(* Any quantum oracle algorithm that solves $\mathsf{DL\text{-}LCS\text{-}RLE}$ with probability at least $2/3$ requires $\Omega(n)$ queries, where $n$ is the encoded length of the inputs.
   Context: A string $\tilde s$ has run-length encoding (RLE) $s=s[1]\cdots s[m]$, its sequence of maximal runs of identical characters, each run having character $C(s[i])$ and length $R(s[i])$; $|s|=m$ is the encoded length. The problem $\mathsf{DL\text{-}LCS\text{-}RLE}$: given quantum oracle access to two RLE strings $A$ and $B$ only through the unitaries $|i\rangle|c\rangle|r\rangle\mapsto|i\rangle|c\oplus C(S[i])\rangle|r\oplus R(S[i])\rangle$ for $S\in\{A,B\}$ (no prefix-sum oracle), compute $|\tilde s|$ where $\tilde s$ is a longest common substring of the decoded strings $\tilde A$ and $\tilde B$. *)

theory Defs
  imports Complex_Main "HOL-Library.Sublist"
begin

text \<open>An RLE string is a list of runs (character, run length); characters are naturals.\<close>
type_synonym rle = "(nat \<times> nat) list"

definition valid_rle :: "rle \<Rightarrow> bool" where
  "valid_rle S \<longleftrightarrow> (\<forall>k<length S. 1 \<le> snd (S ! k))
     \<and> (\<forall>k. Suc k < length S \<longrightarrow> fst (S ! k) \<noteq> fst (S ! Suc k))"

definition decode :: "rle \<Rightarrow> nat list" where
  "decode S = concat (map (\<lambda>(c, r). replicate r c) S)"

definition lcs_len :: "nat list \<Rightarrow> nat list \<Rightarrow> nat" where
  "lcs_len X Y = Max {length z | z. sublist z X \<and> sublist z Y}"

text \<open>Computational basis states: (index i, character register c, run-length register r,
  workspace w).  Registers c and r hold kc resp. kr bits.\<close>
type_synonym qbasis = "nat \<times> nat \<times> nat \<times> nat"
type_synonym qstate = "qbasis \<Rightarrow> complex"
type_synonym qmat = "qbasis \<Rightarrow> qbasis \<Rightarrow> complex"

definition qbasis_set :: "nat \<Rightarrow> nat \<Rightarrow> nat \<Rightarrow> nat \<Rightarrow> qbasis set" where
  "qbasis_set n kc kr W = {0..<n} \<times> {0..<2^kc} \<times> {0..<2^kr} \<times> {0..<W}"

definition unitary_on :: "qbasis set \<Rightarrow> qmat \<Rightarrow> bool" where
  "unitary_on Bs U \<longleftrightarrow> (\<forall>x\<in>Bs. \<forall>y\<in>Bs.
      (\<Sum>z\<in>Bs. cnj (U z x) * U z y) = (if x = y then 1 else 0))"

definition apply_mat :: "qbasis set \<Rightarrow> qmat \<Rightarrow> qstate \<Rightarrow> qstate" where
  "apply_mat Bs U \<psi> = (\<lambda>x. \<Sum>y\<in>Bs. U x y * \<psi> y)"

definition query_op :: "rle \<Rightarrow> qstate \<Rightarrow> qstate" where
  "query_op S \<psi> = (\<lambda>(i, c, r, w). \<psi> (i, Bit_Operations.xor c (fst (S ! i)), Bit_Operations.xor r (snd (S ! i)), w))"

fun qrun :: "qbasis set \<Rightarrow> (nat \<Rightarrow> qmat) \<Rightarrow> (nat \<Rightarrow> bool) \<Rightarrow> rle \<Rightarrow> rle \<Rightarrow> nat \<Rightarrow> qstate" where
  "qrun Bs U sched A B 0 = apply_mat Bs (U 0) (\<lambda>x. if x = (0, 0, 0, 0) then 1 else 0)"
| "qrun Bs U sched A B (Suc t) =
     apply_mat Bs (U (Suc t)) (query_op (if sched t then A else B) (qrun Bs U sched A B t))"

definition succ_prob :: "qbasis set \<Rightarrow> (nat \<Rightarrow> qmat) \<Rightarrow> (nat \<Rightarrow> bool) \<Rightarrow> (qbasis \<Rightarrow> nat)
    \<Rightarrow> nat \<Rightarrow> rle \<Rightarrow> rle \<Rightarrow> nat \<Rightarrow> real" where
  "succ_prob Bs U sched out T A B ans =
     (\<Sum>x\<in>{x\<in>Bs. out x = ans}. (cmod (qrun Bs U sched A B T x))\<^sup>2)"

end

theory Submission
  imports Defs "HOL-Library.Disjoint_Sets"
begin

(* On the inputs A = B = hard_instance n S, run i has length 2 or 1 according to whether i \<in> S,
   so the answer is n + |S| and a successful algorithm outputs a number of the parity of n + |S|
   with probability at least 2/3.  A query reads one membership bit of S, hence after T queries
   every amplitude is a polynomial of degree at most T in the indicator variables of S, and the
   probability of an even output has degree at most 2T.  A polynomial of degree below n is
   uncorrelated with the parity of |S| over the subsets of {0..<n}, while a function lying on
   the correct side of 1/2 everywhere is not; hence 2T \<ge> n. *)

section \<open>Low-degree set functions and parity\<close>

definition depends_only_on :: "nat set \<Rightarrow> (nat set \<Rightarrow> 'a) \<Rightarrow> bool" where
  "depends_only_on J f \<longleftrightarrow> (\<forall>S S'. S \<inter> J = S' \<inter> J \<longrightarrow> f S = f S')"

(* Sums of d-juntas: the functions that are polynomials of degree at most d
   in the indicator variables of S. *)
inductive low_degree :: "nat \<Rightarrow> (nat set \<Rightarrow> 'a::plus) \<Rightarrow> bool" for d where
  junta: "finite J \<Longrightarrow> card J \<le> d \<Longrightarrow> depends_only_on J f \<Longrightarrow> low_degree d f"
| add: "low_degree d f \<Longrightarrow> low_degree d g \<Longrightarrow> low_degree d (\<lambda>S. f S + g S)"

lemma depends_only_on_Un:
  assumes "depends_only_on J f" "depends_only_on J' g"
  shows "depends_only_on (J \<union> J') (\<lambda>S. h (f S) (g S))"
  unfolding depends_only_on_def
proof (intro allI impI)
  fix S S' assume "S \<inter> (J \<union> J') = S' \<inter> (J \<union> J')"
  then have "S \<inter> J = S' \<inter> J" "S \<inter> J' = S' \<inter> J'" by blast+
  then show "h (f S) (g S) = h (f S') (g S')"
    using assms unfolding depends_only_on_def by metis
qed

lemma depends_only_on_singleton:
  assumes "depends_only_on {i} f"
  shows "f S = (if i \<in> S then f {i} else f {})"
  using assms[unfolded depends_only_on_def, rule_format, of S "{i}"]
    assms[unfolded depends_only_on_def, rule_format, of S "{}"]
  by auto

lemma low_degree_const: "low_degree d (\<lambda>S. c)"
  by (rule low_degree.junta[of "{}"]) (auto simp: depends_only_on_def)

lemma low_degree_indicator: "low_degree 1 (\<lambda>S. if i \<in> S then a else b)"
  by (rule low_degree.junta[of "{i}"]) (auto simp: depends_only_on_def)

lemma low_degree_sum:
  fixes F :: "'b \<Rightarrow> nat set \<Rightarrow> 'a::comm_monoid_add"
  assumes "finite Y" "\<And>y. y \<in> Y \<Longrightarrow> low_degree d (F y)"
  shows "low_degree d (\<lambda>S. \<Sum>y\<in>Y. F y S)"
  using assms
proof (induction Y rule: finite_induct)
  case empty
  show ?case using low_degree_const[of d 0] by simp
next
  case (insert y Y)
  then show ?case by (simp add: low_degree.add)
qed

lemma low_degree_additive:
  assumes "\<And>x y. h (x + y) = h x + h y"
  shows "low_degree d f \<Longrightarrow> low_degree d (\<lambda>S. h (f S))"
proof (induction rule: low_degree.induct)
  case (junta J f)
  have "depends_only_on J (\<lambda>S. h (f S))"
    using \<open>depends_only_on J f\<close> unfolding depends_only_on_def by metis
  with junta.hyps show ?case by (intro low_degree.junta)
next
  case (add f g)
  then have "low_degree d (\<lambda>S. h (f S) + h (g S))"
    by (intro low_degree.add)
  then show ?case by (simp only: assms)
qed

lemma low_degree_diff:
  fixes f g :: "nat set \<Rightarrow> 'a::ab_group_add"
  assumes "low_degree d f" "low_degree d g"
  shows "low_degree d (\<lambda>S. f S - g S)"
  using low_degree.add[OF assms(1) low_degree_additive[of uminus, OF _ assms(2)]] by simp

lemma low_degree_mult:
  fixes f g :: "nat set \<Rightarrow> 'a::semiring"
  assumes "low_degree a f" "low_degree b g"
  shows "low_degree (a + b) (\<lambda>S. f S * g S)"
  using assms
proof (induction arbitrary: g rule: low_degree.induct)
  case (junta J f)
  from junta.prems show ?case
  proof (induction rule: low_degree.induct)
    case (junta J' g)
    show ?case
    proof (rule low_degree.junta[of "J \<union> J'"])
      show "finite (J \<union> J')"
        using \<open>finite J\<close> \<open>finite J'\<close> by simp
      show "card (J \<union> J') \<le> a + b"
        using card_Un_le[of J J'] \<open>card J \<le> a\<close> \<open>card J' \<le> b\<close> by linarith
      show "depends_only_on (J \<union> J') (\<lambda>S. f S * g S)"
        using depends_only_on_Un[OF \<open>depends_only_on J f\<close> \<open>depends_only_on J' g\<close>, of "(*)"] .
    qed
  next
    case (add g1 g2)
    then have "low_degree (a + b) (\<lambda>S. f S * g1 S + f S * g2 S)"
      by (intro low_degree.add)
    then show ?case by (simp add: distrib_left)
  qed
next
  case (add f1 f2)
  then have "low_degree (a + b) (\<lambda>S. f1 S * g S + f2 S * g S)"
    by (intro low_degree.add) auto
  then show ?case by (simp add: distrib_right)
qed

lemma sum_parity_eq_0_if_insensitive:
  fixes g :: "nat set \<Rightarrow> 'a::comm_ring_1"
  assumes "i < n" "\<And>S. g (insert i S) = g (S - {i})"
  shows "(\<Sum>S\<in>Pow {..<n}. (-1) ^ card S * g S) = 0"
proof (rule sum_involution_eq_0[where h = "\<lambda>S. if i \<in> S then S - {i} else insert i S"])
  have flip: "(-1) ^ card (insert i S) * g (insert i S) + (-1) ^ card S * g S = 0"
    if "finite S" "i \<notin> S" for S
    using that assms(2)[of S] by simp
  fix S assume "S \<in> Pow {..<n}"
  then have "finite S" by (auto intro: finite_subset)
  then show "(-1) ^ card (if i \<in> S then S - {i} else insert i S)
      * g (if i \<in> S then S - {i} else insert i S) + (-1) ^ card S * g S = 0"
    using flip[of S] flip[of "S - {i}"] by (auto simp: insert_absorb add.commute)
qed (use assms(1) in auto)

lemma sum_parity_mult_low_degree_eq_0:
  fixes f :: "nat set \<Rightarrow> 'a::comm_ring_1"
  shows "low_degree d f \<Longrightarrow> d < n \<Longrightarrow> (\<Sum>S\<in>Pow {..<n}. (-1) ^ card S * f S) = 0"
proof (induction rule: low_degree.induct)
  case (junta J f)
  have "\<not> {..<n} \<subseteq> J"
    using card_mono[OF \<open>finite J\<close>, of "{..<n}"] \<open>card J \<le> d\<close> \<open>d < n\<close> by auto
  then obtain i where "i < n" "i \<notin> J" by auto
  show ?case
  proof (rule sum_parity_eq_0_if_insensitive[OF \<open>i < n\<close>])
    fix S
    have "insert i S \<inter> J = (S - {i}) \<inter> J"
      using \<open>i \<notin> J\<close> by auto
    then show "f (insert i S) = f (S - {i})"
      using \<open>depends_only_on J f\<close> unfolding depends_only_on_def by blast
  qed
next
  case (add f g)
  then show ?case by (simp add: distrib_left sum.distrib)
qed

lemma degree_ge_if_sign_of_parity:
  fixes f :: "nat set \<Rightarrow> 'a::linordered_idom"
  assumes "low_degree d f" "\<And>S. S \<subseteq> {..<n} \<Longrightarrow> 0 < (-1) ^ card S * f S"
  shows "n \<le> d"
proof (rule ccontr)
  assume "\<not> n \<le> d"
  then have "(\<Sum>S\<in>Pow {..<n}. (-1) ^ card S * f S) = 0"
    using sum_parity_mult_low_degree_eq_0[OF assms(1)] by simp
  moreover have "0 < (\<Sum>S\<in>Pow {..<n}. (-1) ^ card S * f S)"
    using assms(2) by (intro sum_pos) auto
  ultimately show False by simp
qed

section \<open>Hard instances\<close>

lemma length_decode: "length (decode A) = (\<Sum>(c, r)\<leftarrow>A. r)"
  by (induction A) (auto simp: decode_def)

lemma lcs_len_self: "lcs_len X X = length X"
  unfolding lcs_len_def
proof (rule Max_eqI)
  show "finite {length z |z. sublist z X \<and> sublist z X}"
    by (rule finite_subset[of _ "{..length X}"]) (auto dest: sublist_length_le)
qed (auto dest: sublist_length_le)

definition hard_instance :: "nat \<Rightarrow> nat set \<Rightarrow> rle" where
  "hard_instance n S = map (\<lambda>i. (i mod 2, if i \<in> S then 2 else 1)) [0..<n]"

lemma length_hard_instance [simp]: "length (hard_instance n S) = n"
  by (simp add: hard_instance_def)

lemma nth_hard_instance [simp]:
  "i < n \<Longrightarrow> hard_instance n S ! i = (i mod 2, if i \<in> S then 2 else 1)"
  by (simp add: hard_instance_def)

About this exercise:
After locating the line with "card (insert i" in the material above, return it and each line after it exactly, ending at the line with "(auto intro: finite_subset)".

Response to this exercise:
  have flip: "(-1) ^ card (insert i S) * g (insert i S) + (-1) ^ card S * g S = 0"
    if "finite S" "i \<notin> S" for S
    using that assms(2)[of S] by simp
  fix S assume "S \<in> Pow {..<n}"
  then have "finite S" by (auto intro: finite_subset)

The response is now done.